▶

text \<open>A Ferrers diagram F of semiperimeter n+1 is encoded by its set R = rows(F) of
  row labels, a subset of {0..n}. The boundary path starts with a vertical step
  (top row labelled 0) and ends with a horizontal step (leftmost column labelled n),
  so 0 is a row label and n is a column label; every such set arises from exactly
  one Ferrers diagram.\<close>

definition ferrers :: "nat \<Rightarrow> nat set \<Rightarrow> bool" where
  "ferrers n R \<longleftrightarrow> R \<subseteq> {0..n} \<and> 0 \<in> R \<and> n \<notin> R"

definition cols :: "nat \<Rightarrow> nat set \<Rightarrow> nat set" where
  "cols n R = {0..n} - R"

definition cell :: "nat \<Rightarrow> nat set \<Rightarrow> nat \<Rightarrow> nat \<Rightarrow> bool" where
  "cell n R i j \<longleftrightarrow> i \<in> R \<and> j \<in> cols n R \<and> i < j"

definition adj :: "nat \<Rightarrow> nat set \<Rightarrow> nat \<Rightarrow> nat \<Rightarrow> bool" where
  "adj n R u v \<longleftrightarrow> cell n R u v \<or> cell n R v u"

definition deg :: "nat \<Rightarrow> nat set \<Rightarrow> nat \<Rightarrow> nat" where
  "deg n R v = card {u \<in> {0..n}. adj n R u v}"

definition config :: "nat \<Rightarrow> (nat \<Rightarrow> nat) \<Rightarrow> bool" where
  "config n c \<longleftrightarrow> (\<forall>i. i \<notin> {1..n} \<longrightarrow> c i = 0)"

definition stable :: "nat \<Rightarrow> nat set \<Rightarrow> (nat \<Rightarrow> nat) \<Rightarrow> bool" where
  "stable n R c \<longleftrightarrow> (\<forall>v\<in>{1..n}. c v < deg n R v)"

text \<open>Toppling one unstable non-sink vertex (grains sent to the sink disappear).\<close>
definition topple_step :: "nat \<Rightarrow> nat set \<Rightarrow> (nat \<Rightarrow> nat) \<Rightarrow> (nat \<Rightarrow> nat) \<Rightarrow> bool" where
  "topple_step n R c c' \<longleftrightarrow>
     (\<exists>v\<in>{1..n}. deg n R v \<le> c v \<and>
        c' = (\<lambda>u. if u = v then c u - deg n R v
                  else if u \<in> {1..n} \<and> adj n R v u then c u + 1 else c u))"

definition cmax :: "nat \<Rightarrow> nat set \<Rightarrow> nat \<Rightarrow> nat" where
  "cmax n R i = (if i \<in> {1..n} then deg n R i - 1 else 0)"

text \<open>Recurrent configurations: stable configurations obtainable from c_max by adding
  grains and stabilizing (adding all grains first is equivalent, by the abelian property).\<close>
definition Rec :: "nat \<Rightarrow> nat set \<Rightarrow> (nat \<Rightarrow> nat) set" where
  "Rec n R = {c. config n c \<and> stable n R c \<and>
      (\<exists>d. config n d \<and> (topple_step n R)\<^sup>*\<^sup>* (\<lambda>i. cmax n R i + d i) c)}"

definition topple_sink :: "nat \<Rightarrow> nat set \<Rightarrow> (nat \<Rightarrow> nat) \<Rightarrow> (nat \<Rightarrow> nat)" where
  "topple_sink n R c = (\<lambda>u. if u \<in> {1..n} \<and> adj n R 0 u then c u + 1 else c u)"

definition topple_set :: "nat \<Rightarrow> nat set \<Rightarrow> (nat \<Rightarrow> nat) \<Rightarrow> nat set \<Rightarrow> (nat \<Rightarrow> nat)" where
  "topple_set n R c S = (\<lambda>u. if u \<in> {1..n}
       then (c u + card {v \<in> S. adj n R v u}) - (if u \<in> S then deg n R u else 0)
       else c u)"

text \<open>Phase 0 is the sink toppling; odd phases topple the unstable column vertices,
  even phases \<ge> 2 the unstable (non-sink) row vertices.\<close>
fun ctphase :: "nat \<Rightarrow> nat set \<Rightarrow> (nat \<Rightarrow> nat) \<Rightarrow> nat \<Rightarrow> nat set \<times> (nat \<Rightarrow> nat)" where
  "ctphase n R c 0 = ({0}, topple_sink n R c)"
| "ctphase n R c (Suc k) =
     (let cur = snd (ctphase n R c k);
          S = {v \<in> {1..n}. v \<in> (if even k then cols n R else R) \<and> deg n R v \<le> cur v}
      in (S, topple_set n R cur S))"

definition Ublk :: "nat \<Rightarrow> nat set \<Rightarrow> (nat \<Rightarrow> nat) \<Rightarrow> nat \<Rightarrow> nat set" where
  "Ublk n R c i = fst (ctphase n R c (2 * i))"

definition Vblk :: "nat \<Rightarrow> nat set \<Rightarrow> (nat \<Rightarrow> nat) \<Rightarrow> nat \<Rightarrow> nat set" where
  "Vblk n R c i = (if i = 0 then {} else fst (ctphase n R c (2 * i - 1)))"

definition minrec :: "nat \<Rightarrow> nat set \<Rightarrow> (nat \<Rightarrow> nat) \<Rightarrow> (nat \<Rightarrow> nat)" where
  "minrec n R c = (\<lambda>j. if j \<in> {1..n} then
       (if \<exists>i. j \<in> Ublk n R c i
        then card {l. \<exists>i k. j \<in> Ublk n R c i \<and> k > i \<and> l \<in> Vblk n R c k \<and> j < l}
        else card {l. \<exists>i k. j \<in> Vblk n R c i \<and> k \<ge> i \<and> l \<in> Ublk n R c k \<and> j > l})
     else 0)"

text \<open>A 0/1 filling of F is a predicate T with T i j = True meaning a 1 in cell (i,j);
  it is False outside the cells of F.\<close>
definition EWtab :: "nat \<Rightarrow> nat set \<Rightarrow> (nat \<Rightarrow> nat \<Rightarrow> bool) set" where
  "EWtab n R = {T.
     (\<forall>i j. T i j \<longrightarrow> cell n R i j) \<and>
     (\<forall>j. cell n R 0 j \<longrightarrow> T 0 j) \<and>
     (\<forall>i\<in>R. i \<noteq> 0 \<longrightarrow> (\<exists>j. cell n R i j \<and> \<not> T i j)) \<and>
     (\<forall>i i' j j'. i < i' \<and> j < j' \<and> cell n R i j \<and> cell n R i j' \<and>
                  cell n R i' j \<and> cell n R i' j' \<longrightarrow>
        \<not> (\<not> T i j \<and> \<not> T i' j' \<and> T i j' \<and> T i' j) \<and>
        \<not> (\<not> T i j' \<and> \<not> T i' j \<and> T i j \<and> T i' j'))}"

definition phiTC :: "nat \<Rightarrow> nat set \<Rightarrow> (nat \<Rightarrow> nat \<Rightarrow> bool) \<Rightarrow> (nat \<Rightarrow> nat)" where
  "phiTC n R T = (\<lambda>i. if i \<in> {1..n} then
       (if i \<in> R then card {j. cell n R i j \<and> T i j}
        else card {k. cell n R k i \<and> \<not> T k i})
     else 0)"

definition phiCT :: "nat \<Rightarrow> nat set \<Rightarrow> (nat \<Rightarrow> nat) \<Rightarrow> (nat \<Rightarrow> nat \<Rightarrow> bool)" where
  "phiCT n R c = the_inv_into (EWtab n R) (phiTC n R) c"

text \<open>Rec_EW(F) = psi(Rec(G(F))); decorations are functions vanishing outside {1..n}.\<close>
definition RecEW :: "nat \<Rightarrow> nat set \<Rightarrow> ((nat \<Rightarrow> nat \<Rightarrow> bool) \<times> (nat \<Rightarrow> int)) set" where
  "RecEW n R = (\<lambda>x. (phiCT n R (minrec n R x),
                      \<lambda>i. if i \<in> {1..n} then int (x i) - int (minrec n R x i) else 0))
               ` Rec n R"

text \<open>Psi(T) = inc(V^(1)) dec(U^(1)) inc(V^(2)) dec(U^(2)) ...; blocks beyond index n are empty.\<close>
definition Psi :: "nat \<Rightarrow> nat set \<Rightarrow> (nat \<Rightarrow> nat \<Rightarrow> bool) \<Rightarrow> nat list" where
  "Psi n R T = concat (map (\<lambda>i. sorted_list_of_set (Vblk n R (phiTC n R T) i)
                              @ rev (sorted_list_of_set (Ublk n R (phiTC n R T) i))) [1..<n+1])"

definition asc_pos :: "nat list \<Rightarrow> nat \<Rightarrow> bool" where
  "asc_pos \<pi> p \<longleftrightarrow> p = 0 \<or> \<pi> ! (p - 1) < \<pi> ! p"

text \<open>Index (starting at 1) of the maximal factor of equal type containing position p.\<close>
definition run_no :: "nat list \<Rightarrow> nat \<Rightarrow> nat" where
  "run_no \<pi> p = 1 + card {q. 1 \<le> q \<and> q \<le> p \<and> asc_pos \<pi> q \<noteq> asc_pos \<pi> (q - 1)}"

definition Ablk :: "nat list \<Rightarrow> nat \<Rightarrow> nat set" where
  "Ablk \<pi> l = (if l = 0 then {} else
     {\<pi> ! p | p. p < length \<pi> \<and> asc_pos \<pi> p \<and> run_no \<pi> p = 2 * l - 1})"

definition Dblk :: "nat list \<Rightarrow> nat \<Rightarrow> nat set" where
  "Dblk \<pi> l = (if l = 0 then {0} else
     {\<pi> ! p | p. p < length \<pi> \<and> \<not> asc_pos \<pi> p \<and> run_no \<pi> p = 2 * l})"

definition is_perm :: "nat \<Rightarrow> nat list \<Rightarrow> bool" where
  "is_perm n \<pi> \<longleftrightarrow> distinct \<pi> \<and> set \<pi> = {1..n}"

definition decorated_perm :: "nat \<Rightarrow> nat list \<Rightarrow> (nat \<Rightarrow> int) \<Rightarrow> bool" where
  "decorated_perm n \<pi> a \<longleftrightarrow> is_perm n \<pi> \<and>
     (\<forall>i\<in>{1..n}. 0 \<le> a i \<and>
        (\<forall>l. i \<in> Dblk \<pi> l \<longrightarrow>
            a i < int (card {j. \<exists>k. k \<le> l \<and> j \<in> Ablk \<pi> k \<and> j > i})) \<and>
        (\<forall>l. i \<in> Ablk \<pi> l \<longrightarrow>
            a i < int (card {j. \<exists>k. k < l \<and> j \<in> Dblk \<pi> k \<and> j < i})))"

definition mu :: "nat list \<Rightarrow> nat \<Rightarrow> nat" where
  "mu \<pi> i = (if \<exists>l. i \<in> Dblk \<pi> l
     then card {j \<in> Ablk \<pi> (THE l. i \<in> Dblk \<pi> l). j > i}
     else card {j \<in> Dblk \<pi> ((THE l. i \<in> Ablk \<pi> l) - 1). j < i})"

definition canonical_decorated_perm :: "nat \<Rightarrow> nat list \<Rightarrow> (nat \<Rightarrow> int) \<Rightarrow> bool" where
  "canonical_decorated_perm n \<pi> a \<longleftrightarrow> decorated_perm n \<pi> a \<and>
     (\<forall>i\<in>{1..n}. a i < int (mu \<pi> i))"

end

theory Submission
  imports Defs
begin

text \<open>
  Everything is read off from burning times. A configuration c is recurrent iff its canonical
  toppling topples every vertex, and then exactly once (Dhar's burning criterion); let t v be the
  phase in which v topples. The number of grains c v then lies between the number of neighbours
  of v burning after v and that number plus the number of neighbours burning exactly one phase
  before v, and conversely every configuration within these bounds has the same burning times.
  The minimal recurrent configuration with burning times t is given by the lower bound; it comes
  from the EW-tableau with a 1 in cell (i, j) iff t i < t j. So psi splits c into this tableau and
  a decoration a with 0 \<le> a v < (number of neighbours burning one phase before v).

  On the permutation side, Psi(T) lists the vertices by burning time, so its ascent tops are the
  columns (odd times) and its descent bottoms the rows (even times), and its run decomposition is
  the partition by burning time: A-blocks are the odd and D-blocks the even phases. Hence
  mu_v(Psi T) is again the number of neighbours of v burning one phase before v.
\<close>

lemma sorted_wrt_concat_map:
  assumes "\<And>i. sorted_wrt r (f i)"
    and "\<And>i j a b. i < j \<Longrightarrow> a \<in> set (f i) \<Longrightarrow> b \<in> set (f j) \<Longrightarrow> r a b"
    and "sorted_wrt (<) xs"
  shows "sorted_wrt r (concat (map f xs))"
  using assms(3) by (induction xs) (auto simp: sorted_wrt_append assms(1,2))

◀

Your task :: Return every line above where "Dblk" appears.

Task result ::
definition Dblk :: "nat list \<Rightarrow> nat \<Rightarrow> nat set" where
  "Dblk \<pi> l = (if l = 0 then {0} else
        (\<forall>l. i \<in> Dblk \<pi> l \<longrightarrow>
            a i < int (card {j. \<exists>k. k < l \<and> j \<in> Dblk \<pi> k \<and> j < i})))"
  "mu \<pi> i = (if \<exists>l. i \<in> Dblk \<pi> l
     then card {j \<in> Ablk \<pi> (THE l. i \<in> Dblk \<pi> l). j > i}
     else card {j \<in> Dblk \<pi> ((THE l. i \<in> Ablk \<pi> l) - 1). j < i})"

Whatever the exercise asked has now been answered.